Includes one **real correctness bug** (CR-4: data-loss already covered by an existing regression test that the majority of callers violate). The rest are blocking-IO and sync-FS items on the JSONL ingestion hot path. Together with WG-4 (#74), this addresses the architectural drift between the three near-identical watcher paths (extension `SessionWatcher`, relay watcher, Codex watcher) — only the Codex watcher currently follows the documented contracts; the others have diverged.

## Critical

### CR-4 · `readNewFileLines` partial-line tail silently dropped by 4 of 5 callers

**This is the worst class of bug for a "relay everything" system: silent data loss.**

- `extension/src/fs-utils.ts:26-51` — definition returns `{ lines, newSize, tail }`; `tail` is the bytes after the last newline that the caller is supposed to feed back as `lastTail` next call to reassemble a JSONL line split across two writer flushes
- **Lossy callers** (omit `lastTail`, ignore returned `tail`, advance `fileSize` past the partial bytes):
  - `extension/src/session-watcher.ts:450` (extension)
  - `extension/src/subagent-watcher.ts:156`
  - `extension/src/event-source.ts:57`
  - `scripts/relay.ts:326` (this caller is owned by WG-4 / #74; coordinate the merge)
- **Working reference:** `extension/src/codex-session-watcher.ts:307` (passes `session.fileTail`, restored at line 274, persisted at line 310)
- **Contract is locked down by `extension/test/fs-utils.test.ts:70-83`** ("regression guard") which explicitly demonstrates the loss
- A split line then triggers `JSON.parse` failure inside `processTranscriptLine` and is silently dropped (`log.debug('Skipping unparseable line:')`)
- **Fix:** add `fileTail: string` to `WatchedSession`, `JsonlEventSource` state, and subagent state.

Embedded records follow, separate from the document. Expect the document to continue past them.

lemma finite_det_channels [simp]: "finite (det_channels m n)"
  by (simp add: det_channels_def finite_PiE)

lemma sum_det_matrix_col: "(\<Sum>x<m. det_matrix D x j) = real (col_count m D j)"
  by (simp add: det_matrix_def col_count_def of_bool_def[symmetric] Int_def)

lemma Lambda_nonneg: "lam \<in> Lambda m n W \<Longrightarrow> 0 \<le> lam D"
  by (cases "D \<in> det_channels m n") (auto simp: Lambda_def)

lemma Lambda_point_mass:
  assumes "D \<in> det_channels m n" "\<forall>x<m. \<forall>y<n. X x y = det_matrix D x y"
  shows "(\<lambda>D'. of_bool (D' = D)) \<in> Lambda m n X"
proof -
  have point: "(\<Sum>D'\<in>det_channels m n. of_bool (D' = D) * g D') = g D" for g :: "_ \<Rightarrow> real"
  proof -
    have "(\<Sum>D'\<in>det_channels m n. of_bool (D' = D) * g D')
        = (\<Sum>D'\<in>det_channels m n. if D' = D then g D' else 0)"
      by (rule sum.cong) auto
    also have "\<dots> = g D" using assms(1) by simp
    finally show ?thesis .
  qed
  show ?thesis
    using assms point[of "\<lambda>_. 1"] point[of "\<lambda>D. det_matrix D _ _"] by (auto simp: Lambda_def)
qed
lemma quarter_pow_min_tdist_le_pairsum:
  assumes "2 \<le> length xs"
  shows "(1/4::real) ^ min_tdist T xs \<le> pairsum (\<lambda>a b. (1/4) ^ tdist T a b) xs"
proof -
  obtain i j where "i < length xs" "j < length xs" "i \<noteq> j"
    and "min_tdist T xs = tdist T (xs ! i) (xs ! j)"
  proof (cases "distinct xs")
    case True
    let ?D = "{tdist T a b | a b. a \<in> set xs \<and> b \<in> set xs \<and> a \<noteq> b}"
    have "0 < length xs" "1 < length xs"
      using assms by auto
    then have "xs ! 0 \<in> set xs" "xs ! 1 \<in> set xs" "xs ! 0 \<noteq> xs ! 1"
      using True by (auto simp: nth_eq_iff_index_eq simp del: One_nat_def)
    then have "tdist T (xs ! 0) (xs ! 1) \<in> ?D"
      by blast
    then have "Min ?D \<in> ?D"
      using Min_in[OF finite_tdist_pairs] by blast
    then show thesis
      using True that by (auto simp: min_tdist_def in_set_conv_nth)
  next
    case False
    then obtain i j where "i < length xs" "j < length xs" "i \<noteq> j" "xs ! i = xs ! j"
      by (auto simp: distinct_conv_nth)
    then show thesis
      using False that by (metis min_tdist_def tdist_self)
  qed
  then show ?thesis
    using nth_le_pairsum[of "\<lambda>a b. (1/4::real) ^ tdist T a b" i xs j] by simp
qed

lemma sum_lists_of_quarter_pow_min_tdist_le:
  assumes "bst_on n T" "2 \<le> s"
  shows "real n * (\<Sum>xs\<in>lists_of {1..n} s. (1/4::real) ^ min_tdist T xs) \<le> 5/2 * real s ^ 2 * real n ^ s"
proof (cases "n = 0")
  case False
  let ?w = "\<lambda>a b. (1/4::real) ^ tdist T a b"
  have "real n ^ 2 * (\<Sum>xs\<in>lists_of {1..n} s. (1/4::real) ^ min_tdist T xs)
      \<le> real n ^ 2 * (\<Sum>xs\<in>lists_of {1..n} s. pairsum ?w xs)"
    using assms(2)
    by (intro mult_left_mono sum_mono quarter_pow_min_tdist_le_pairsum) (auto simp: lists_of_def)
  also have "\<dots> = real s * (real s - 1) * real n ^ s * (\<Sum>a\<in>{1..n}. \<Sum>b\<in>{1..n}. ?w a b)"
    using sum_lists_of_pairsum[of "{1..n}" ?w s] by simp
  also have "\<dots> \<le> real s ^ 2 * real n ^ s * (5/2 * n)"
    using assms(2) sum_sum_quarter_pow_tdist_le[OF assms(1)]
    by (intro mult_mono) (auto simp: power2_eq_square intro!: sum_nonneg)
  finally have "real n * (real n * (\<Sum>xs\<in>lists_of {1..n} s. (1/4::real) ^ min_tdist T xs))
      \<le> real n * (5/2 * real s ^ 2 * real n ^ s)"
    by (simp add: power2_eq_square algebra_simps)
  then show ?thesis
    using False by simp
qed simp

lemma ex_le_of_sum_le:
  fixes f :: "'a \<Rightarrow> real" and B :: real
  assumes "finite A" "A \<noteq> {}" "sum f A \<le> card A * B"
  shows "\<exists>a\<in>A. f a \<le> B"
proof (rule ccontr)
  assume "\<not> ?thesis"
  then have "(\<Sum>a\<in>A. B) < sum f A"
    using assms by (intro sum_strict_mono) auto
  then show False
    using assms(3) by simp
qed

lemma power_sum_list: "(c::'a::comm_monoid_mult) ^ (\<Sum>x\<leftarrow>xs. f x) = (\<Prod>x\<leftarrow>xs. c ^ f x)"
  by (induction xs) (simp_all add: power_add)

lemma sum_groups_quarter_pow_min_tdist_le:
  assumes "bst_on n T" "1 \<le> n" "2 \<le> s"
  shows "(\<Sum>G\<in>lists_of (lists_of {1..n} s) P. (1/4::real) ^ (\<Sum>g\<leftarrow>G. min_tdist T g))
           \<le> card (lists_of (lists_of {1..n} s) P) * (5/2 * real s ^ 2 / n) ^ P"
proof -
  let ?LS = "lists_of {1..n} s" and ?B = "5/2 * real s ^ 2 / n :: real"
  have "(\<Sum>G\<in>lists_of ?LS P. (1/4::real) ^ (\<Sum>g\<leftarrow>G. min_tdist T g))
      = (\<Sum>G\<in>lists_of ?LS P. \<Prod>g\<leftarrow>G. (1/4) ^ min_tdist T g)"
    by (intro sum.cong refl, rule power_sum_list)
  also have "\<dots> = (\<Sum>g\<in>?LS. (1/4) ^ min_tdist T g) ^ P"
    by (simp add: sum_lists_of_prod_list finite_lists_of)
  also have "\<dots> \<le> (?B * n ^ s) ^ P"
    using sum_lists_of_quarter_pow_min_tdist_le[OF assms(1,3)] assms(2)
    by (intro power_mono) (auto simp: field_simps intro!: sum_nonneg)
  also have "\<dots> = real ((n ^ s) ^ P) * ?B ^ P"
    by (simp only: power_mult_distrib of_nat_power mult.commute)
  also have "\<dots> = card (lists_of ?LS P) * ?B ^ P"
    by (simp add: card_lists_of finite_lists_of)
  finally show ?thesis .
qed

lemma ex_groups_spread_in_every_bst:
  assumes "1 \<le> n" "2 \<le> s"
  shows "\<exists>G\<in>lists_of (lists_of {1..n} s) P. \<forall>T. bst_on n T \<longrightarrow>
           (1/4::real) ^ (\<Sum>g\<leftarrow>G. min_tdist T g) \<le> n ^ n * (5/2 * real s ^ 2 / n) ^ P"
proof -
  let ?LG = "lists_of (lists_of {1..n} s) P" and ?TS = "{T. bst_on n T}"
  let ?B = "5/2 * real s ^ 2 / n :: real" and ?f = "\<lambda>T G. (1/4::real) ^ (\<Sum>g\<leftarrow>G. min_tdist T g)"
  have "(\<Sum>G\<in>?LG. \<Sum>T\<in>?TS. ?f T G) \<le> (\<Sum>T\<in>?TS. card ?LG * ?B ^ P)"
    using assms by (subst sum.swap) (intro sum_mono sum_groups_quarter_pow_min_tdist_le; simp)
  also have "\<dots> \<le> card ?LG * (n ^ n * ?B ^ P)"
    using card_bst_on_le[of n] assms(1)
    by (simp add: mult.left_commute mult_right_mono flip: of_nat_power)
  finally have "(\<Sum>G\<in>?LG. \<Sum>T\<in>?TS. ?f T G) \<le> card ?LG * (n ^ n * ?B ^ P)" .
  moreover have "replicate P (replicate s 1) \<in> ?LG"
    using assms(1) by (auto simp: lists_of_def)
  ultimately obtain G where "G \<in> ?LG" and "(\<Sum>T\<in>?TS. ?f T G) \<le> n ^ n * ?B ^ P"
    using ex_le_of_sum_le[of ?LG "\<lambda>G. \<Sum>T\<in>?TS. ?f T G"] by (auto simp: finite_lists_of)
  moreover have "?f T G \<le> (\<Sum>T\<in>?TS. ?f T G)" if "bst_on n T" for T
    using that finite_bst_on by (intro member_le_sum) auto
  ultimately show ?thesis
    by force
qed

section \<open>Lower bound for finger strategies\<close>

lemma finger_cost_append:
  "length fs = length xs \<Longrightarrow>
   \<exists>pos'. finger_cost T pos (xs @ ys) (fs @ gs)
     = finger_cost T pos xs fs + finger_cost T pos' ys gs"
proof (induction xs arbitrary: fs pos)
  case (Cons x xs)
  then obtain f fs' where "fs = f # fs'"
    by (cases fs) auto
  then show ?case
    using Cons.IH[of fs' "pos(f := x)"] Cons.prems by (auto simp: fun_upd_def)
qed auto

lemma length_le_finger_cost: "length fs = length xs \<Longrightarrow> length xs \<le> finger_cost T pos xs fs"
proof (induction xs arbitrary: fs pos)
  case (Cons x xs)
  then obtain f fs' where "fs = f # fs'"
    by (cases fs) auto
  then show ?case
    using Cons.IH[of fs' "pos(f := x)"] Cons.prems by (simp add: fun_upd_def)
qed simp

(* Potential argument for one round of distinct requests ys from a set A of keys pairwise at
   distance at least delta. U holds fingers parked on keys of A that are no longer requested:
   serving a request with a finger of U costs at least delta, serving it with any other finger
   adds that finger to U, and this can happen at most k times. *)
lemma finger_cost_round_potential:
  assumes sep: "\<forall>a\<in>A. \<forall>b\<in>A. a \<noteq> b \<longrightarrow> \<delta> \<le> tdist T a b"
  shows "distinct ys \<Longrightarrow> set ys \<subseteq> A \<Longrightarrow> length fs = length ys \<Longrightarrow> set fs \<subseteq> {..<k} \<Longrightarrow>
    U \<subseteq> {..<k} \<Longrightarrow> (\<forall>f\<in>U. pos f \<in> A - set ys) \<Longrightarrow>
    length ys + \<delta> * (length ys + card U) \<le> finger_cost T pos ys fs + \<delta> * k"
proof (induction ys arbitrary: fs pos U)
  case Nil
  then show ?case
    using card_mono[of "{..<k}" U] by simp
next
  case (Cons x ys)
  obtain f fs' where fs: "fs = f # fs'" "f < k"
    using Cons.prems(3,4) by (cases fs) auto
  have U': "\<forall>g\<in>insert f U. (pos(f := x)) g \<in> A - set ys"
    using Cons.prems(1,2,6) by auto
  show ?case
  proof (cases "f \<in> U")
    case True
    then have "\<delta> \<le> tdist T x (pos f)"
      using sep Cons.prems(2,6) by auto
    moreover have
      "length ys + \<delta> * (length ys + card U) \<le> finger_cost T (pos(f := x)) ys fs' + \<delta> * k"
      using Cons.IH[of fs' U "pos(f := x)"] Cons.prems U' True fs
      by (simp add: insert_absorb fun_upd_def)
    ultimately show ?thesis
      using fs by (simp add: algebra_simps)
  next
    case False
    then have "card (insert f U) = Suc (card U)"
      using Cons.prems(5) finite_subset by fastforce
    moreover have "length ys + \<delta> * (length ys + card (insert f U))
        \<le> finger_cost T (pos(f := x)) ys fs' + \<delta> * k"
      using Cons.IH[of fs' "insert f U" "pos(f := x)"] Cons.prems U' fs by (simp add: fun_upd_def)
    ultimately show ?thesis
      using fs by (simp add: algebra_simps)
  qed
qed

lemma finger_cost_round_ge:
  assumes "length fs = length xs" "set fs \<subseteq> {..<k}"
  shows "length xs + (length xs - k) * min_tdist T xs \<le> finger_cost T pos xs fs"
proof (cases "distinct xs")
  case True
  have "length xs + length xs * min_tdist T xs \<le> finger_cost T pos xs fs + k * min_tdist T xs"
    using finger_cost_round_potential[of "set xs" "min_tdist T xs" T xs fs k "{}"] True assms
    by (simp add: min_tdist_le mult.commute)
  then show ?thesis
    using length_le_finger_cost[OF assms(1), of T pos] unfolding diff_mult_distrib by linarith
next
  case False
  then show ?thesis
    using length_le_finger_cost[OF assms(1)] by (simp add: min_tdist_def)
qed

lemma finger_cost_concat_ge:
  "length fs = length (concat R) \<Longrightarrow> set fs \<subseteq> {..<k} \<Longrightarrow>
   (\<Sum>xs\<leftarrow>R. length xs + (length xs - k) * min_tdist T xs) \<le> finger_cost T pos (concat R) fs"
proof (induction R arbitrary: fs pos)
  case (Cons xs R)
  let ?fs1 = "take (length xs) fs" and ?fs2 = "drop (length xs) fs"
  have fs: "set ?fs1 \<subseteq> {..<k}" "set ?fs2 \<subseteq> {..<k}"
    "length ?fs1 = length xs" "length ?fs2 = length (concat R)"
    using Cons.prems set_take_subset set_drop_subset by fastforce+
  obtain pos' where "finger_cost T pos (concat (xs # R)) fs
      = finger_cost T pos xs ?fs1 + finger_cost T pos' (concat R) ?fs2"
    using finger_cost_append[of ?fs1 xs T pos "concat R" ?fs2] fs by auto
  moreover have "length xs + (length xs - k) * min_tdist T xs \<le> finger_cost T pos xs ?fs1"
    using finger_cost_round_ge fs by blast
  moreover have "(\<Sum>xs\<leftarrow>R. length xs + (length xs - k) * min_tdist T xs)
      \<le> finger_cost T pos' (concat R) ?fs2"
    using Cons.IH fs by blast
  ultimately show ?case
    by simp
qed simp

lemma Fk_attained:
  assumes "1 \<le> n" "1 \<le> k"
  obtains T l fs where "bst_on n T" "length fs = length xs" "set fs \<subseteq> {..<k}"
    "Fk n k xs = finger_cost T l xs fs"
proof -
  have "Fk n k xs \<in> {FkT n k T xs | T. bst_on n T}"
    unfolding Fk_def using bst_on_left_spine by (intro Inf_nat_def1) blast
  then obtain T where T: "bst_on n T" "Fk n k xs = FkT n k T xs"
    by blast
  have "finger_cost T (\<lambda>_. 1) xs (replicate (length xs) 0) \<in> {finger_cost T l xs fs | l fs.
      (\<forall>i < k. l i \<in> {1..n}) \<and> length fs = length xs \<and> set fs \<subseteq> {..<k}}"
    using assms by fastforce
  then have "FkT n k T xs \<in> {finger_cost T l xs fs | l fs.
      (\<forall>i < k. l i \<in> {1..n}) \<and> length fs = length xs \<and> set fs \<subseteq> {..<k}}"
    unfolding FkT_def by (intro Inf_nat_def1) blast
  then show thesis
    using that T by auto
qed

section \<open>Working-set bound of repeated groups\<close>

lemma lg_ge_1: "1 \<le> lg x"
  unfolding lg_def by simp

lemma lg_mono: "x \<le> y \<Longrightarrow> lg x \<le> lg y"
  unfolding lg_def by simp

lemma lg_eq_log: "2 \<le> x \<Longrightarrow> lg x = log 2 x"
  unfolding lg_def by (simp add: max_def)

lemma lg_double_le: "1 \<le> x \<Longrightarrow> lg (2 * x) \<le> lg x + 1"
  unfolding lg_def by (simp add: max_def log_mult)

lemma rho_le:
  assumes "set xs \<subseteq> {1..n}" "t \<le> length xs"
  shows "rho xs t a \<le> n"
proof -
  have "{xs ! (u - 1) | u. last_acc xs t a < u \<and> u < t} \<subseteq> {1..n}"
    using assms by force
  then have "rho xs t a \<le> card {1..n}"
    unfolding rho_def by (intro card_mono) auto
  then show ?thesis
    by simp
qed
lemma norm_lattice_point_ge:
  "\<kappa> * (real_of_int \<bar>m\<bar> + real_of_int \<bar>n\<bar>) \<le> norm (lattice_point (m, n))"
  using norm_point_ge[of "of_int m" "of_int n"] by (simp add: lattice_point_def)

lemma zero_in_lattice [simp]: "0 \<in> \<Lambda>"
  and t1_in_lattice [simp]: "t1 \<in> \<Lambda>"
  and t2_in_lattice [simp]: "t2 \<in> \<Lambda>"
  using point_in_lattice_iff[of 0 0] point_in_lattice_iff[of 1 0] point_in_lattice_iff[of 0 1]
  by (simp_all add: point_def)

lemma half_periods_not_in_lattice: "t1 / 2 \<notin> \<Lambda>" "t2 / 2 \<notin> \<Lambda>"
  using point_in_lattice_iff[of "1/2" 0] point_in_lattice_iff[of 0 "1/2"]
  by (simp_all add: point_def)

lemma lattice_add: "w \<in> \<Lambda> \<Longrightarrow> v \<in> \<Lambda> \<Longrightarrow> w + v \<in> \<Lambda>"
proof (unfold lattice_eq_range, elim rangeE)
  fix p q assume "w = lattice_point p" "v = lattice_point q"
  hence "w + v = lattice_point (fst p + fst q, snd p + snd q)"
    by (simp add: lattice_point_def point_def case_prod_unfold algebra_simps)
  thus "w + v \<in> range lattice_point" by simp
qed

lemma lattice_uminus_iff [simp]: "- w \<in> \<Lambda> \<longleftrightarrow> w \<in> \<Lambda>"
proof -
  have "- w \<in> \<Lambda>" if "w \<in> \<Lambda>" for w
  proof (use that in \<open>unfold lattice_eq_range, elim rangeE\<close>)
    fix p assume "w = lattice_point p"
    hence "- w = lattice_point (- fst p, - snd p)"
      by (simp add: lattice_point_def point_def case_prod_unfold algebra_simps)
    thus "- w \<in> range lattice_point" by simp
  qed
  from this[of w] this[of "- w"] show ?thesis by auto
qed

lemma lattice_translate_iff: "t \<in> \<Lambda> \<Longrightarrow> z + t \<in> \<Lambda> \<longleftrightarrow> z \<in> \<Lambda>"
  using lattice_add[of "z + t" "- t"] lattice_add[of z t] by auto
lemma typeI_duadic_exists_of_congruences:
  fixes q s :: int
  assumes "m < v" "2 ^ (m + 1) dvd s - 1" "2 ^ (m + 1) dvd q - 1"
  shows "typeI_duadic_exists (2 ^ v) q s (2 ^ m)"
proof -
  define n :: int where "n = 2 ^ v"
  define M :: int where "M = 2 ^ (m + 1)"
  define P where "P = {x \<in> {0..<n}. x mod M < 2 ^ m}"
  have "n > 0" by (simp add: n_def)
  have P_sub: "P \<subseteq> {0..<n}" by (auto simp: P_def)
  have "M dvd n" unfolding M_def n_def using assms(1) by (intro le_imp_power_dvd) simp
  then have mod_M: "(y mod n) mod M = y mod M" for y by (simp add: mod_mod_cancel)
  have "[s = 1] (mod M)" "[q = 1] (mod M)"
    using assms(2,3) by (simp_all add: M_def cong_iff_dvd_diff)
  then have mu_mod_M: "mu n q x mod M = x mod M"
    and rho_mod_M: "rho n s (2 ^ m) x mod M = (x + 2 ^ m) mod M" for x
    using cong_scalar_right[of _ 1 M x] cong_scalar_right[of _ 1 M "x + 2 ^ m"]
    by (simp_all add: mu_def rho_def mod_M cong_def)
  have "(2::int) dvd 2 ^ (m + 1)" by simp
  then have "2 dvd s - 1" "2 dvd q - 1" using assms(2,3) by (blast intro: dvd_trans)+
  then have "coprime q n" "coprime s n" by (simp_all add: n_def)
  have "mu n q = (\<lambda>i. (q * i + 0) mod n)" by (auto simp: mu_def)
  then have "inj_on (mu n q) {0..<n}"
    using bij_betw_affine_mod[OF \<open>coprime q n\<close> \<open>n > 0\<close>] by (simp only: bij_betw_def)
  then have "inj_on (mu n q) P" using P_sub by (rule inj_on_subset)
  moreover have "finite P" using P_sub finite_atLeastLessThan_int by (rule finite_subset)
  moreover have "mu n q x \<in> P" if "x \<in> P" for x
    using that mu_mod_M[of x] \<open>n > 0\<close> by (simp add: P_def mu_def)
  ultimately have mu_P: "mu n q ` P = P" by (metis endo_inj_surj image_subsetI)
  have "rho n s (2 ^ m) = (\<lambda>i. (s * i + s * 2 ^ m) mod n)" by (auto simp: rho_def algebra_simps)
  then have rho_onto: "rho n s (2 ^ m) ` {0..<n} = {0..<n}"
    using bij_betw_affine_mod[OF \<open>coprime s n\<close> \<open>n > 0\<close>] by (simp only: bij_betw_def)
  have "rho n s (2 ^ m) x \<in> P \<longleftrightarrow> x \<notin> P" if "x \<in> {0..<n}" for x
    using that rho_onto mod_add_half_lt_iff[of x m] rho_mod_M[of x]
    unfolding P_def M_def by auto
  note split = partition_by_swapping_map[OF rho_onto P_sub this]
  show ?thesis
    unfolding typeI_duadic_exists_def n_def[symmetric] using P_sub mu_P split by blast
qed
(* Fix a block $i\in\{1,\dots,N\}$, a battery state $\epsilon$ and a G-channel state $\gamma_G$. If $\gamma_H^-\le\gamma_H^+$ are H-channel states and the action $\alpha=1$ is optimal in block $i$ at state $\langle\epsilon,\gamma_G,\gamma_H^-\rangle$, then $\alpha=1$ is optimal in block $i$ at state $\langle\epsilon,\gamma_G,\gamma_H^+\rangle$. Equivalently, the optimal policy is monotone in $\gamma_H$: there is a threshold $\Gamma_{H,i}(\epsilon,\gamma_G)$ such that the EH-BS is assigned ($\alpha=1$) only when $\gamma_H\ge\Gamma_{H,i}(\epsilon,\gamma_G)$.
   Context: Finite-horizon MDP with $N$ blocks of length $\tau>0$. Parameters: $B_m>0$, positive integers $M,K$; channel levels $0<H_1<\dots<H_K$; $R,W,\sigma^2,g_0,\theta,d_G,d_H>0$; $p_G^{\max},p_H^{\max}>0$; weights $w_G,w_D>0$; $E_{H}$ a random variable with density $f_{E_H}$ on $[0,E_m]$. A state is $s=\langle\epsilon,\gamma_G,\gamma_H\rangle$ with $\epsilon\in\{(2m-1)B_m/(2M): m=1,\dots,M\}$ and $\gamma_G,\gamma_H\in\{H_1,\dots,H_K\}$. Let $p^{inv}_j(s)=(2^{R/(W\tau)}-1)\sigma^2(g_0 d_j^{-\theta}\gamma_j)^{-1}$ for $j\in\{G,H\}$, $\kappa=\min\{p_G^{\max},w_D(w_G\tau)^{-1}\}$, and $c(s)=w_D$ if $p^{inv}_G(s)>\kappa$, $c(s)=w_G p^{inv}_G(s)\tau$ otherwise. The allowable actions are $\mathcal{A}_s=\{0\}$ if $p^{inv}_H(s)>\min\{\epsilon/\tau,p_H^{\max}\}$ and $\mathcal{A}_s=\{0,1\}$ otherwise; the cost is $c(s,\alpha)=(1-\alpha)c(s)$. Transitions: given $s$ and $\alpha$, the next channel states $\gamma_G',\gamma_H'$ are independent, each uniform on $\{H_1,\dots,H_K\}$, independent of the next energy state $\epsilon'=Q(\epsilon-\alpha p^{inv}_H(s)\tau+E_H)$, where $Q(\varepsilon)=\big(2\min\{\lfloor M\min\{\varepsilon,B_m\}/B_m\rfloor+1,M\}-1\big)B_m/(2M)$; denote the resulting transition probability $p(s'|s,\alpha)$. Optimal cost-to-go functions: $u_N^*(s)=\min_{\alpha\in\mathcal{A}_s}c(s,\alpha)$ and, for $i<N$, $u_i^*(s)=\min_{\alpha\in\mathcal{A}_s}\{c(s,\alpha)+\sum_{s'}p(s'|s,\alpha)u_{i+1}^*(s')\}$. Action $\alpha$ is optimal in block $i$ at state $s$ if $\alpha\in\mathcal{A}_s$ and it attains the minimum in the defining equation of $u_i^*(s)$. *)

theory Defs
  imports "HOL-Analysis.Analysis"
begin

record mdp_params =
  pN :: nat            (* number of blocks *)
  ptau :: real         (* block length *)
  pBm :: real          (* battery capacity B_m *)
  pM :: nat            (* number of battery levels *)
  pK :: nat            (* number of channel levels *)
  pH :: "nat \<Rightarrow> real"
  pR :: real
  pW :: real
  psigma2 :: real
  pg0 :: real
  ptheta :: real
  pdG :: real
  pdH :: real
  ppGmax :: real
  ppHmax :: real
  pwG :: real
  pwD :: real
  pEm :: real
  pf :: "real \<Rightarrow> real"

Plumb through every caller. Mechanical change, working reference exists, regression test exists.

### CR-7 · `prescanExistingContent` synchronously reads + parses the full JSONL on session detect

- `extension/src/transcript-parser.ts:438-521`; called from `extension/src/session-watcher.ts:388` (and from `scripts/relay.ts:288` — that caller is WG-4)
- Helper at `extension/src/fs-utils.ts:7-16` does `fs.openSync` + `Buffer.alloc(stat.size)` + `fs.readSync` + `fs.closeSync` — `Buffer.alloc` zero-fills, which the caller immediately overwrites
- Then loops `JSON.parse(line.trim())` for every line in a tight loop
- For a typical `.sim-sessions/` transcript (500 KB / ~900 lines): 20-100 ms blocking the extension host UI thread. Real Claude transcripts can be 5-50 MB.
- `scanForActiveSessions` runs every 1 s and may attach multiple sessions per tick (extension side at `session-watcher.ts:264-353`).
- **Fix:** stream via `readline.createInterface` over `fs.createReadStream` (cleanest), OR yield via `await new Promise(setImmediate)` every 100 lines (cheapest). Switch `Buffer.alloc` → `Buffer.allocUnsafe` (caller fills from disk, zero-fill is wasted work).

## Important

### IR-16 · `scanForActiveSessions` runs every 1 s with sync FS scaling per-session

- `extension/src/session-watcher.ts:264-353`
- Per scan: `readdirSync(CLAUDE_DIR)` + per-dir `isContainedProject` (which itself does `readdirSync` + `openSync` + `readSync(8KB)` + `JSON.parse` until cwd is found, until cached) + per-jsonl `statSync` + per-subagent-dir `existsSync` + `readdirSync` + `statSync` per subagent file
- `scanForActiveSessions` body owned by extension; the relay's equivalent at `scripts/relay.ts:340-389` is owned by WG-4 (no caching at all there)
- **Fix:** rely primarily on the existing `dirWatcher` callback as the trigger; downgrade the 1 s interval to a 5-10 s heartbeat fallback. Cache negative results (see IR-IO MR-10).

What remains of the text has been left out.